20.The evidence of DW6, Shem Kiptoo Sawe Amai, was that he was a senior chief, now retired, of Kibomet Location Trans Nzoia County. His father and Bariwot lived in the same village. He was aware that Bariwot had purchased land measuring about 150 acres which was subdivided between his two wives. The land had not been registered in Bariwot’s name by the time he died, and the committee handling the land found it fit to have the land registered in the name of Wilson to hold in trust for the family. According to Sawe, Bariwot died while Wilson was about 10 years old.
21.With regard to the registration of the land in the appellant’s name, Sawe testified that Wilson had a public service vehicle which was involved in a fatal accident along Kiungani Road. Wilson was afraid that he would lose the family land as his vehicle was not insured. He had therefore transferred the land to his wife and was later declared bankrupt.
22.It was Sawe’s testimony that the appellant had found the respondents and their other sisters living on the suit property.
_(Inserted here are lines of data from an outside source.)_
lemma tree_edge_cases:
  assumes "is_tree V T" "e \<in> T" obtains a b where "e = {a, b}" "a \<noteq> b" "a \<in> V" "b \<in> V"
  using assms unfolding is_tree_def simple_graph_def by blast

lemma tree_edge_endpoints:
  assumes "is_tree V T" "{a, b} \<in> T" shows "a \<noteq> b" "a \<in> V" "b \<in> V"
  using assms by (auto elim!: tree_edge_cases simp: doubleton_eq_iff)

lemma finite_tree_edges: "finite V \<Longrightarrow> is_tree V T \<Longrightarrow> finite T"
  by (rule finite_subset[of _ "Pow V"]) (auto elim: tree_edge_cases)

lemma finite_trees: "finite V \<Longrightarrow> finite {T. is_tree V T}"
  by (rule finite_subset[of _ "Pow (Pow V)"]) (auto elim: tree_edge_cases)

lemma tree_edge_split:
  assumes "is_tree V T" "{x, y} \<in> T" "w \<in> V"
  shows "reach (T - {{x, y}}) x w \<or> reach (T - {{x, y}}) y w"
proof -
  have "reach T x w" using assms tree_edge_endpoints tree_reach by metis
  moreover have "T = insert {x, y} (T - {{x, y}})" using assms(2) by blast
  ultimately show ?thesis using reach_insert[of x y "T - {{x, y}}" x w] by auto
qed

lemma all_bridges_exchange:
  assumes T: "all_bridges T" and pq: "{p, q} \<in> T" and nr: "\<not> reach (T - {{p, q}}) r q"
  shows "all_bridges (insert {r, q} (T - {{p, q}}))"
  unfolding all_bridges_def
proof (intro allI impI notI)
  let ?G = "T - {{p, q}}"
  let ?T' = "insert {r, q} ?G"
  fix a b assume ab: "{a, b} \<in> ?T'" and rab: "reach (?T' - {{a, b}}) a b"
  show False
  proof (cases "{a, b} = {r, q}")
    case True
    have "reach ?G a b" using rab by (rule reach_mono) (use True in blast)
    moreover have "a = r \<and> b = q \<or> a = q \<and> b = r" using True by (auto simp: doubleton_eq_iff)
    ultimately show False using nr reach_sym by metis
  next
    case False
    let ?H = "?G - {{a, b}}"
    have abG: "{a, b} \<in> ?G" using ab False by blast
    then have "\<not> reach (T - {{a, b}}) a b" using T unfolding all_bridges_def by blast
    then have no_ab: "\<not> reach ?H a b" using reach_mono[of ?H a b "T - {{a, b}}"] by blast
    have "?T' - {{a, b}} = insert {r, q} ?H" using False by blast
    then have "reach ?H a r \<and> reach ?H q b \<or> reach ?H a q \<and> reach ?H r b"
      using reach_insert[of r q ?H a b] rab no_ab by auto
    then have "reach ?G a r \<and> reach ?G q b \<or> reach ?G a q \<and> reach ?G r b"
      using reach_mono[of ?H _ _ ?G] by blast
    then have "reach ?G r q"
      using reach_edge[OF abG] reach_sym[of ?G] reach_trans[of ?G] by metis
    then show False using nr by simp
  qed
qed

lemma all_bridges_first_edge_unique:
  assumes T: "all_bridges T"
    and y1: "{v, y1} \<in> T" "reach (T - {{v, y1}}) y1 x"
    and y2: "{v, y2} \<in> T" "reach (T - {{v, y2}}) y2 x"
  shows "y1 = y2"
proof (rule ccontr)
  assume "y1 \<noteq> y2"
  let ?e1 = "{v, y1}" and ?e2 = "{v, y2}"
  let ?H = "T - {?e1} - {?e2}"
  have "?e1 \<noteq> ?e2" using \<open>y1 \<noteq> y2\<close> by (auto simp: doubleton_eq_iff)
  have b1: "\<not> reach (T - {?e1}) v y1" and b2: "\<not> reach (T - {?e2}) v y2"
    using T y1(1) y2(1) unfolding all_bridges_def by blast+
  have "reach (T - {?e1}) v y2" using y2(1) \<open>?e1 \<noteq> ?e2\<close> by (intro reach_edge) auto
  have no_vx: "\<not> reach (T - {?e1}) v x"
    using b1 reach_trans[OF _ reach_sym[OF y1(2)]] by blast
  then have no_y2x: "\<not> reach (T - {?e1}) y2 x"
    using reach_trans[OF \<open>reach (T - {?e1}) v y2\<close>] by blast
  have "T - {?e2} = insert ?e1 ?H" using y1(1) \<open>?e1 \<noteq> ?e2\<close> by blast
  then have "reach ?H y2 x \<or> reach ?H y2 v \<or> reach ?H v x"
    using reach_insert[of v y1 ?H y2 x] y2(2) by auto
  moreover have "?H \<subseteq> T - {?e1}" "?H \<subseteq> T - {?e2}" by blast+
  ultimately show False
    using no_vx no_y2x b2 reach_mono[of ?H] reach_sym[of "T - {?e2}" y2 v] by blast
qed

lemma tree_exchange:
  assumes T: "is_tree V T" and pq: "{p, q} \<in> T" and r: "r \<in> V"
    and nr: "\<not> reach (T - {{p, q}}) r q"
  shows "is_tree V (insert {r, q} (T - {{p, q}}))"
  unfolding is_tree_iff_all_bridges
proof (intro conjI)
  let ?G = "T - {{p, q}}"
  let ?T' = "insert {r, q} ?G"
  have "q \<in> V" "r \<noteq> q" using tree_edge_endpoints[OF T pq] nr by auto
  then show "simple_graph V ?T'"
    using T r unfolding is_tree_def simple_graph_def by blast
  have "reach ?G p r" using tree_edge_split[OF T pq r] nr reach_sym by metis
  then have "reach ?T' p q" by (meson insertI1 reach_edge reach_mono reach_trans subset_insertI)
  then have "reach ?T' p w" if "w \<in> V" for w
    using tree_edge_split[OF T pq that] by (meson reach_mono reach_trans subset_insertI)
  then show "\<forall>u\<in>V. \<forall>w\<in>V. reach ?T' u w" by (meson reach_sym reach_trans)
  show "all_bridges ?T'"
    using T pq nr by (intro all_bridges_exchange) (simp_all add: is_tree_iff_all_bridges)
qed

lemma tree_neighbour_towards:
  assumes "is_tree V T" "v \<in> V" "x \<in> V" "x \<noteq> v"
  shows "\<exists>!y. {v, y} \<in> T \<and> reach (T - {{v, y}}) y x"
  using reach_first_edge[OF tree_reach[OF assms(1-3)] assms(4)]
    all_bridges_first_edge_unique assms(1) by (auto simp: is_tree_iff_all_bridges)

lemma star_is_tree:
  assumes n: "1 \<le> n"
  shows "is_tree {1..n} {{1, i} | i. i \<in> {2..(n::nat)}}"
  unfolding is_tree_iff_all_bridges
proof (intro conjI)
  let ?S = "{{1, i} | i. i \<in> {2..n}}"
  show "simple_graph {1..n} ?S" unfolding simple_graph_def by force
  have from_1: "reach ?S 1 u" if "u \<in> {1..n}" for u
  proof (cases "u = 1")
    case False
    then have "{1, u} \<in> ?S" using that by auto
    then show ?thesis by (rule reach_edge)
  qed simp
  show "\<forall>u\<in>{1..n}. \<forall>w\<in>{1..n}. reach ?S u w"
  proof (intro ballI)
    fix u w assume "u \<in> {1..n}" "w \<in> {1..n}"
    then show "reach ?S u w" using reach_trans[OF reach_sym[OF from_1] from_1] by simp
  qed
  show "all_bridges ?S"
    unfolding all_bridges_def
  proof (intro allI impI notI)
    fix a b assume ab: "{a, b} \<in> ?S" and rab: "reach (?S - {{a, b}}) a b"
    from ab obtain i where i: "{a, b} = {1, i}" "i \<in> {2..n}" by blast
    have "reach (?S - {{1, i}}) a b" using rab i(1) by simp
    moreover have "a = 1 \<and> b = i \<or> a = i \<and> b = 1" using i(1) by (auto simp: doubleton_eq_iff)
    ultimately have "reach (?S - {{1, i}}) 1 i" using reach_sym by (elim disjE conjE) simp_all
    \<comment> \<open>but i is a leaf, and its only edge was removed\<close>
    then obtain e where "e \<in> ?S - {{1, i}}" "i \<in> e" using reach_imp_incident i(2) by fastforce
    then show False using i(2) by auto
  qed
qed

lemma card_neighbours:
  assumes "simple_graph V T" shows "card {y. {v, y} \<in> T} = degree T v"
  unfolding degree_def
proof (rule bij_betw_same_card[of "\<lambda>y. {v, y}"], rule bij_betwI')
  fix e assume e: "e \<in> {e \<in> T. v \<in> e}"
  then obtain a b where "e = {a, b}" using assms unfolding simple_graph_def by blast
  then show "\<exists>y\<in>{y. {v, y} \<in> T}. e = {v, y}"
    using e by (cases "a = v") (auto simp: insert_commute)
qed (auto simp: doubleton_eq_iff)
definition Dl_ad :: "(nat \<Rightarrow> real) \<Rightarrow> (nat \<Rightarrow> real) \<Rightarrow> nat \<Rightarrow> real" where
  "Dl_ad X Y K = X 9 * e9_weight K * Y K
     + X 8 * (if K = 1 then -2 * Y 5 else if K = 3 then -2 * Y 7 else 0)
     + X 10 * (if K = 5 then 2 * Y 1 else if K = 7 then 2 * Y 3 else 0)"

lemma sum_strc_eq_Dl_ad:
  assumes "\<And>I. I \<in> {1..7} \<Longrightarrow> X I = 0" and "K \<in> {1..7}"
  shows "(\<Sum>I\<in>{1..10}. \<Sum>J\<in>{1..10}. X I * Y J * strc I J K) = Dl_ad X Y K"
proof -
  have "(\<Sum>I\<in>{1..10}. \<Sum>J\<in>{1..10}. X I * Y J * strc I J K)
      = X 8 * (\<Sum>J\<in>{1..10}. Y J * strc 8 J K) + X 9 * (\<Sum>J\<in>{1..10}. Y J * strc 9 J K)
        + X 10 * (\<Sum>J\<in>{1..10}. Y J * strc 10 J K)"
    using assms(1) unfolding atLeastAtMost_1_10
    by (simp add: atLeastAtMost_1_7 distrib_left mult.assoc)
  also have "\<dots> = Dl_ad X Y K"
    using assms(2) unfolding atLeastAtMost_1_10 atLeastAtMost_1_7
    by (elim insertE emptyE; simp add: strc_8 strc_9 strc_10 Dl_ad_def e9_weight_def)
  finally show ?thesis .
qed

lemma symform_cong:
  assumes "\<And>K. K \<in> {1..7} \<Longrightarrow> v K = v' K" and "\<And>K. K \<in> {1..7} \<Longrightarrow> w K = w' K"
  shows "symform gc v w = symform gc v' w'"
  unfolding symform_def odot_def using assms by (intro sum.cong refl) auto

lemma symform_add_left: "symform gc (\<lambda>K. u K + v K) w = symform gc u w + symform gc v w"
  unfolding symform_def odot_def
  by (simp add: sum.distrib[symmetric] algebra_simps add_divide_distrib)

lemma symform_add_right: "symform gc u (\<lambda>K. v K + w K) = symform gc u v + symform gc u w"
  unfolding symform_def odot_def
  by (simp add: sum.distrib[symmetric] algebra_simps add_divide_distrib)

lemma symform_scale_left: "symform gc (\<lambda>K. c * v K) w = c * symform gc v w"
  unfolding symform_def odot_def
  by (simp add: sum_distrib_left algebra_simps)

lemma symform_scale_right: "symform gc v (\<lambda>K. c * w K) = c * symform gc v w"
  unfolding symform_def odot_def
  by (simp add: sum_distrib_left algebra_simps)

lemma symform_sum_left:
  "symform gc (\<lambda>K. \<Sum>I\<in>S. c I * f I K) w = (\<Sum>I\<in>S. c I * symform gc (f I) w)"
  unfolding symform_def odot_def
  by (simp add: sum_distrib_left sum_distrib_right sum_divide_distrib sum.distrib[symmetric]
      algebra_simps sum.swap[of _ S])

lemma symform_sum_right:
  "symform gc v (\<lambda>K. \<Sum>I\<in>S. c I * f I K) = (\<Sum>I\<in>S. c I * symform gc v (f I))"
  unfolding symform_def odot_def
  by (simp add: sum_distrib_left sum_distrib_right sum_divide_distrib sum.distrib[symmetric]
      algebra_simps sum.swap[of _ S])

definition frame_unit :: "nat \<Rightarrow> nat \<Rightarrow> real" where
  "frame_unit k K = of_bool (K = k)"

lemma symform_frame_units:
  assumes "i \<in> {1..7}" "j \<in> {1..7}"
  shows "symform gc (frame_unit i) (frame_unit j) = (gc i j + gc j i) / 2"
proof -
  have delta: "(\<Sum>\<mu>\<in>{1..7}. \<Sum>\<nu>\<in>{1..7}. gc \<mu> \<nu> * (of_bool (\<mu> = a) * of_bool (\<nu> = b))) = gc a b"
    if "a \<in> {1..7}" "b \<in> {1..7}" for a b
  proof -
    have "(\<Sum>\<mu>\<in>{1..7}. \<Sum>\<nu>\<in>{1..7}. gc \<mu> \<nu> * (of_bool (\<mu> = a) * of_bool (\<nu> = b)))
        = (\<Sum>\<mu>\<in>{1..7}. \<Sum>\<nu>\<in>{1..7}. if \<nu> = b then (if \<mu> = a then gc a b else 0) else 0)"
      by (intro sum.cong) auto
    then show ?thesis using that by simp
  qed
  show ?thesis
    unfolding symform_def odot_def frame_unit_def
    using delta[OF assms] delta[OF assms(2,1)]
    by (simp add: add_divide_distrib distrib_left sum.distrib sum_divide_distrib[symmetric] mult.commute)
qed

lemma has_derivative_symform:
  assumes "\<And>K. (y K has_derivative Dy K) (at A within S)"
    and "\<And>K. (z K has_derivative Dz K) (at A within S)"
  shows "((\<lambda>B. symform gc (\<lambda>K. y K B) (\<lambda>K. z K B)) has_derivative
     (\<lambda>h. symform gc (\<lambda>K. Dy K h) (\<lambda>K. z K A) + symform gc (\<lambda>K. y K A) (\<lambda>K. Dz K h)))
     (at A within S)"
  unfolding symform_def odot_def
  apply (rule has_derivative_eq_rhs)
   apply (rule assms | rule derivative_eq_intros | rule refl | simp)+
  apply (rule ext)
  apply (simp add: sum.distrib[symmetric] algebra_simps add_divide_distrib)
  done

lemma eder_gvf:
  assumes "vfield y" "vfield z"
  shows "eder I (gvf gc y z) A = symform gc (\<lambda>K. eder I (y K) A) (\<lambda>K. z K A)
     + symform gc (\<lambda>K. y K A) (\<lambda>K. eder I (z K) A)"
proof -
  have "\<And>K. (y K has_derivative frechet_derivative (y K) (at A)) (at A)"
    "\<And>K. (z K has_derivative frechet_derivative (z K) (at A)) (at A)"
    using assms unfolding vfield_def by (simp_all add: frechet_derivative_works)
  from has_derivative_symform[OF this, of gc]
  have "frechet_derivative (gvf gc y z) (at A) =
     (\<lambda>h. symform gc (\<lambda>K. frechet_derivative (y K) (at A) h) (\<lambda>K. z K A)
        + symform gc (\<lambda>K. y K A) (\<lambda>K. frechet_derivative (z K) (at A) h))"
    unfolding gvf_def[abs_def] by (rule frechet_derivative_at[symmetric])
  then show ?thesis unfolding eder_def by simp
qed

text \<open>The derivatives of x never enter: x has no e_1, ..., e_7 components and g only sees
  those.\<close>
lemma lie_deriv_Dl:
  assumes x: "vfield x" "in_Dl x" and y: "vfield y" and z: "vfield z"
  shows "lie_deriv gc x y z A =
    - symform gc (Dl_ad (\<lambda>I. x I A) (\<lambda>K. y K A)) (\<lambda>K. z K A)
    - symform gc (\<lambda>K. y K A) (Dl_ad (\<lambda>I. x I A) (\<lambda>K. z K A))"
proof -
  have x0: "x K = (\<lambda>_. 0)" if "K \<in> {1..7}" for K
    using x(2) that unfolding in_Dl_def by auto
  have bracket: "vf_bracket x w K A = (\<Sum>I\<in>{1..10}. x I A * eder I (w K) A)
      + Dl_ad (\<lambda>I. x I A) (\<lambda>J. w J A) K" if "K \<in> {1..7}" for w K
    using that x0 sum_strc_eq_Dl_ad[of "\<lambda>I. x I A", OF _ that] by (simp add: vf_bracket_def eder_def)
  define Y Z where "Y = (\<lambda>K. y K A)" and "Z = (\<lambda>K. z K A)"
  have "gvf gc (vf_bracket x y) z A
      = symform gc (\<lambda>K. (\<Sum>I\<in>{1..10}. x I A * eder I (y K) A) + Dl_ad (\<lambda>I. x I A) Y K) Z"
    unfolding gvf_def Y_def Z_def by (rule symform_cong) (simp_all add: bracket)
  moreover have "gvf gc y (vf_bracket x z) A
      = symform gc Y (\<lambda>K. (\<Sum>I\<in>{1..10}. x I A * eder I (z K) A) + Dl_ad (\<lambda>I. x I A) Z K)"
    unfolding gvf_def Y_def Z_def by (rule symform_cong) (simp_all add: bracket)
  moreover have "vf_apply x (gvf gc y z) A
      = (\<Sum>I\<in>{1..10}. x I A * symform gc (\<lambda>K. eder I (y K) A) Z)
        + (\<Sum>I\<in>{1..10}. x I A * symform gc Y (\<lambda>K. eder I (z K) A))"
    unfolding vf_apply_def eder_gvf[OF y z] Y_def Z_def by (simp add: sum.distrib ring_distribs)
  ultimately show ?thesis
    unfolding lie_deriv_def Y_def[symmetric] Z_def[symmetric]
    by (simp add: symform_add_left symform_add_right symform_sum_left symform_sum_right)
qed
text \<open>If \<open>P k\<close> is the \<open>k\<close>-th derivative of \<open>P 0\<close>, then \<open>trig_comp_deriv \<alpha> P True k\<close> and
  \<open>trig_comp_deriv \<alpha> P False k\<close> are the \<open>k\<close>-th derivatives of \<open>sin (\<alpha> P 0)\<close> and \<open>cos (\<alpha> P 0)\<close>:
  the recursion is the Leibniz rule for \<open>(sin (\<alpha> P 0))' = \<alpha> P 1 cos (\<alpha> P 0)\<close> and its cosine
  analogue.\<close>

fun trig_comp_deriv :: "real \<Rightarrow> (nat \<Rightarrow> real \<Rightarrow> real) \<Rightarrow> bool \<Rightarrow> nat \<Rightarrow> real \<Rightarrow> real" where
  "trig_comp_deriv \<alpha> P b 0 x = (if b then sin (\<alpha> * P 0 x) else cos (\<alpha> * P 0 x))"
| "trig_comp_deriv \<alpha> P b (Suc k) x = (if b then \<alpha> else - \<alpha>) *
     (\<Sum>i\<le>k. real (k choose i) * P (Suc i) x * trig_comp_deriv \<alpha> P (\<not> b) (k - i) x)"

lemma has_real_derivative_trig_comp_deriv:
  assumes P: "\<And>k x. (P k has_real_derivative P (Suc k) x) (at x)"
  shows "(trig_comp_deriv \<alpha> P b n has_real_derivative trig_comp_deriv \<alpha> P b (Suc n) x) (at x)"
proof (induction n arbitrary: b x rule: less_induct)
  case (less n)
  show ?case
  proof (cases n)
    case 0
    have "((\<lambda>x. sin (\<alpha> * P 0 x)) has_real_derivative cos (\<alpha> * P 0 x) * (\<alpha> * P (Suc 0) x)) (at x)"
      "((\<lambda>x. cos (\<alpha> * P 0 x)) has_real_derivative - sin (\<alpha> * P 0 x) * (\<alpha> * P (Suc 0) x)) (at x)"
      by (intro DERIV_chain2[OF DERIV_sin] DERIV_chain2[OF DERIV_cos] DERIV_cmult P)+
    with 0 show ?thesis
      by (cases b) (simp_all add: algebra_simps)
  next
    case (Suc k)
    have "((\<lambda>x. \<Sum>i\<le>k. real (k choose i) * P (Suc i) x * trig_comp_deriv \<alpha> P (\<not> b) (k - i) x)
        has_real_derivative (\<Sum>i\<le>Suc k. real (Suc k choose i) * P (Suc i) x *
          trig_comp_deriv \<alpha> P (\<not> b) (Suc k - i) x)) (at x)"
      by (rule has_real_derivative_binomial_convolution)
        (use Suc in \<open>auto intro!: P less.IH simp del: trig_comp_deriv.simps\<close>)
    from DERIV_cmult[OF this, of "if b then \<alpha> else - \<alpha>"] Suc show ?thesis
      by (simp del: trig_comp_deriv.simps add: trig_comp_deriv.simps(2)[abs_def])
  qed
qed
lemma alt_multilinear_coordinate_minor:
  fixes g :: "'e::finite \<Rightarrow> 'n::finite"
  shows "alt_multilinear (coordinate_minor g)"
  unfolding alt_multilinear_def
proof (intro conjI allI impI)
  fix vs :: "'e \<Rightarrow> real^'n" and k
  let ?row = "\<lambda>v::real^'n. \<chi> j. v $ g j"
  have rows: "(\<chi> i j. (vs(k := v)) i $ g j) = (\<chi> i. if i = k then ?row v else ?row (vs i))" for v
    by (simp add: vec_eq_iff)
  have row_add: "?row (u + v) = ?row u + ?row v" and row_scale: "?row (c *\<^sub>R u) = c *s ?row u"
    for u v c by (simp_all add: vec_eq_iff)
  show "linear (\<lambda>v. coordinate_minor g (vs(k := v)))"
    unfolding coordinate_minor_def rows
    by (intro linearI) (simp_all only: row_add row_scale det_row_add det_row_mul real_scaleR_def)
next
  fix vs :: "'e \<Rightarrow> real^'n" and i j
  assume "i \<noteq> j \<and> vs i = vs j"
  then show "coordinate_minor g vs = 0"
    unfolding coordinate_minor_def by (intro det_identical_rows[of i j]) (auto simp: row_def vec_eq_iff)
qed

lemma alt_multilinear_minor_expansion:
  fixes \<phi> :: "('e::finite \<Rightarrow> real^'n::finite) \<Rightarrow> real"
  assumes am: "alt_multilinear \<phi>"
  shows "fact CARD('e) * \<phi> v = (\<Sum>g\<in>UNIV. \<phi> (\<lambda>k. axis (g k) 1) * coordinate_minor g v)"
proof -
  let ?P = "{p. p permutes (UNIV :: 'e set)}"
  let ?E = "\<lambda>g::'e \<Rightarrow> 'n. \<lambda>k. axis (g k) (1::real)"
  have permuted: "(\<Sum>g\<in>UNIV. \<phi> (?E g) * (\<Prod>k\<in>UNIV. v k $ g (p k))) = of_int (sign p) * \<phi> v"
    if p: "p permutes (UNIV :: 'e set)" for p
  proof -
    have "(\<Sum>g\<in>UNIV. \<phi> (?E g) * (\<Prod>k\<in>UNIV. v k $ g (p k))) =
          (\<Sum>h\<in>UNIV. \<phi> (?E h \<circ> inv p) * (\<Prod>k\<in>UNIV. v k $ h k))"
      by (rule sum.reindex_bij_witness[of _ "\<lambda>h. h \<circ> inv p" "\<lambda>g. g \<circ> p"])
         (auto simp: permutes_inverses[OF p] o_def)
    also have "\<dots> = (\<Sum>h\<in>UNIV. of_int (sign p) * (\<phi> (?E h) * (\<Prod>k\<in>UNIV. v k $ h k)))"
      using alt_multilinear_permute[OF am permutes_inv[OF p]] p
      by (simp add: sign_inverse permutes_imp_permutation mult.assoc)
    also have "\<dots> = of_int (sign p) * \<phi> v"
      by (subst alt_multilinear_expansion[OF am, of v]) (simp add: sum_distrib_left mult_ac)
    finally show ?thesis .
  qed
  have "(\<Sum>g\<in>UNIV. \<phi> (?E g) * coordinate_minor g v) =
        (\<Sum>p\<in>?P. of_int (sign p) * (\<Sum>g\<in>UNIV. \<phi> (?E g) * (\<Prod>k\<in>UNIV. v k $ g (p k))))"
    unfolding coordinate_minor_def det_def sum_distrib_left
    by (subst sum.swap) (simp add: mult_ac)
  also have "\<dots> = (\<Sum>p\<in>?P. \<phi> v)"
    by (intro sum.cong refl) (simp add: permuted mult.assoc[symmetric] of_int_mult[symmetric])
  also have "\<dots> = fact CARD('e) * \<phi> v"
    by (simp add: card_permutations)
  finally show ?thesis ..
qed

lemma alt_multilinear_add_to_all:
  assumes am: "alt_multilinear \<phi>" and "c z = 0"
  shows "\<phi> (\<lambda>k. u + c k) = \<phi> (c(z := u))"
proof -
  have shift: "\<phi> (\<lambda>k. if k \<in> T then c k else u + c k) = \<phi> (\<lambda>k. u + c k)"
    if "finite T" "z \<notin> T" for T
    using that
  proof (induction T rule: finite_induct)
    case (insert x T)
    let ?vs = "\<lambda>k. if k \<in> T then c k else u + c k"
    have "x \<noteq> z" using insert by auto
    have "\<phi> (?vs(x := u)) = 0"
      using \<open>x \<noteq> z\<close> \<open>c z = 0\<close> insert.prems
      by (intro alt_multilinear_eq_0[OF am \<open>x \<noteq> z\<close>]) auto
    moreover have "\<phi> ?vs = \<phi> (?vs(x := u)) + \<phi> (?vs(x := c x))"
    proof -
      have "?vs = ?vs(x := u + c x)"
        using insert by auto
      then show ?thesis
        by (metis alt_multilinear_update_add[OF am])
    qed
    moreover have "(\<lambda>k. if k \<in> insert x T then c k else u + c k) = ?vs(x := c x)"
      using insert by auto
    ultimately show ?case
      using insert by simp
  qed simp
  have "(\<lambda>k. if k \<in> UNIV - {z} then c k else u + c k) = c(z := u)"
    using \<open>c z = 0\<close> by auto
  then show ?thesis
    using shift[of "UNIV - {z}"] by simp
qed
Their eviction, in his view, would be an abuse of trust as it is family land. Wilson had transferred the land to the appellant as he had been seeking a way of securing family property. It was Sawe’s testimony further that in Kalenjin customs, land was held by sons and not daughters.
23.In support of her appeal, the appellant filed written submissions dated 10th June, 2022 which were highlighted by her counsel, Mr. Kamau. Her submissions were that the trial judge erred in finding that her husband held the land in trust for the family and that she now holds the land in trust for them. According to the appellant, no evidence was produced by the respondents’ witnesses to prove that the land had been transferred to her to hold in trust.
24.To the question whether the land had been registered in her name fraudulently, the appellant submitted that Wilson Tangut was the first registered owner of the suit property, number 826, having been so registered on 12th February 2003. He was also the first registered owner of plot no. 412, registered as such on 3rd February 1997.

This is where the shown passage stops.